Keep to one stretch of the data below, the lines from the one with "v) * (f v - g v))" up to and including the one with "sums ((lap_fun f", and return that stretch exactly.

Stored data entries
════════════════════

lemma summable_moment:
  assumes f: "prob_density f" and fin: "moment r f < \<infinity>"
  shows "summable (\<lambda>v. real v powr r * f v)"
proof (rule summable_ereal)
  show "(\<Sum>v. ereal (real v powr r * f v)) \<noteq> \<infinity>" using fin unfolding moment_def by simp
qed (simp add: prob_density_nonneg[OF f])

lemma moment_eq_suminf:
  "summable (\<lambda>v. real v powr r * f v) \<Longrightarrow> moment r f = ereal (\<Sum>v. real v powr r * f v)"
  unfolding moment_def by (rule suminf_ereal')

lemma summable_moment_mono:
  assumes f: "prob_density f" and sum: "summable (\<lambda>v. real v powr r * f v)" and "s \<le> r"
  shows "summable (\<lambda>v. real v powr s * f v)"
proof (rule summable_comparison_test'[OF sum])
  fix v :: nat
  have "real v powr s \<le> real v powr r"
    using \<open>s \<le> r\<close> by (cases "v = 0") (auto intro: powr_mono)
  then show "norm (real v powr s * f v) \<le> real v powr r * f v"
    using prob_density_nonneg[OF f, of v] by (simp add: mult_right_mono)
qed

lemma lap_fun_diff_sums:
  assumes f: "prob_density f" and g: "prob_density g" and \<xi>: "0 \<le> \<xi>"
    and sf: "summable (\<lambda>v. real v * f v)" and sg: "summable (\<lambda>v. real v * g v)"
    and mean: "(\<Sum>v. real v * f v) = (\<Sum>v. real v * g v)"
  shows "(\<lambda>v. (exp (- \<xi> * real v) - 1 + \<xi> * real v) * (f v - g v))
           sums (lap_fun f \<xi> - lap_fun g \<xi>)"
proof -
  have lap: "(\<lambda>v. exp (- \<xi> * real v) * h v) sums lap_fun h \<xi>" if "prob_density h" for h
    using summable_power_mult_prob_density[OF that, of "exp (- \<xi>)"] \<xi>
    unfolding lap_fun_def by (simp add: exp_of_nat_mult[symmetric] mult.commute summable_sums)
  have "(\<lambda>v. (exp (- \<xi> * real v) * f v - exp (- \<xi> * real v) * g v) - (f v - g v)
             + \<xi> * (real v * f v - real v * g v))
        sums ((lap_fun f \<xi> - lap_fun g \<xi>) - (suminf f - suminf g)
             + \<xi> * ((\<Sum>v. real v * f v) - (\<Sum>v. real v * g v)))"
    by (intro sums_add sums_diff sums_mult lap f g summable_sums sf sg prob_density_summable)
  then show ?thesis
    using mean prob_density_suminf[OF f] prob_density_suminf[OF g]
    by (simp add: algebra_simps)
qed

lemma abs_lap_fun_diff_le:
  fixes r \<xi> :: real
  assumes f: "prob_density f" and g: "prob_density g" and r: "1 \<le> r" "r \<le> 2" and \<xi>: "0 \<le> \<xi>"
    and mf: "summable (\<lambda>v. real v powr r * f v)" and mg: "summable (\<lambda>v. real v powr r * g v)"
    and mean: "(\<Sum>v. real v * f v) = (\<Sum>v. real v * g v)"
  shows "\<bar>lap_fun f \<xi> - lap_fun g \<xi>\<bar>
           \<le> \<xi> powr r * ((\<Sum>v. real v powr r * f v) + (\<Sum>v. real v powr r * g v))"
proof -
  define h where "h v = (exp (- \<xi> * real v) - 1 + \<xi> * real v) * (f v - g v)" for v
  define b where "b v = \<xi> powr r * (real v powr r * f v + real v powr r * g v)" for v
  have first_moment: "summable (\<lambda>v. real v * f v)" "summable (\<lambda>v. real v * g v)"
    using summable_moment_mono[OF f mf r(1)] summable_moment_mono[OF g mg r(1)] by simp_all
  have h_sums: "h sums (lap_fun f \<xi> - lap_fun g \<xi>)"
    unfolding h_def by (rule lap_fun_diff_sums[OF f g \<xi> first_moment mean])
  have h_le: "\<bar>h v\<bar> \<le> b v" for v
  proof -
    have "\<bar>h v\<bar> = (exp (- (\<xi> * real v)) - 1 + \<xi> * real v) * \<bar>f v - g v\<bar>"
      using exp_minus_sub_one_add_nonneg[of "\<xi> * real v"] by (simp add: h_def abs_mult)
    also have "\<dots> \<le> (\<xi> * real v) powr r * (f v + g v)"
      using exp_minus_sub_one_add_nonneg[of "\<xi> * real v"] \<xi> r
        prob_density_nonneg[OF f, of v] prob_density_nonneg[OF g, of v]
      by (intro mult_mono exp_minus_sub_one_add_le_powr) auto
    also have "\<dots> = b v" using \<xi> by (simp add: b_def powr_mult algebra_simps)
    finally show ?thesis .
  qed
  have b_sums: "b sums (\<xi> powr r * ((\<Sum>v. real v powr r * f v) + (\<Sum>v. real v powr r * g v)))"
    unfolding b_def by (intro sums_mult sums_add summable_sums mf mg)
  then have "summable b" by (simp add: sums_iff)
  then have abs_h: "summable (\<lambda>v. \<bar>h v\<bar>)"
    by (rule summable_comparison_test') (simp add: h_le)
  have "\<bar>suminf h\<bar> \<le> (\<Sum>v. \<bar>h v\<bar>)" using summable_rabs[OF abs_h] .
  also have "\<dots> \<le> suminf b" by (rule suminf_le[OF h_le abs_h \<open>summable b\<close>])
  finally have "\<bar>suminf h\<bar> \<le> suminf b" .
  then show ?thesis using h_sums b_sums by (simp add: sums_iff)
qed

════════════════════

• Written answer:
  shows "(\<lambda>v. (exp (- \<xi> * real v) - 1 + \<xi> * real v) * (f v - g v))
           sums (lap_fun f \<xi> - lap_fun g \<xi>)"
proof -
  have lap: "(\<lambda>v. exp (- \<xi> * real v) * h v) sums lap_fun h \<xi>" if "prob_density h" for h
    using summable_power_mult_prob_density[OF that, of "exp (- \<xi>)"] \<xi>
    unfolding lap_fun_def by (simp add: exp_of_nat_mult[symmetric] mult.commute summable_sums)
  have "(\<lambda>v. (exp (- \<xi> * real v) * f v - exp (- \<xi> * real v) * g v) - (f v - g v)
             + \<xi> * (real v * f v - real v * g v))
        sums ((lap_fun f \<xi> - lap_fun g \<xi>) - (suminf f - suminf g)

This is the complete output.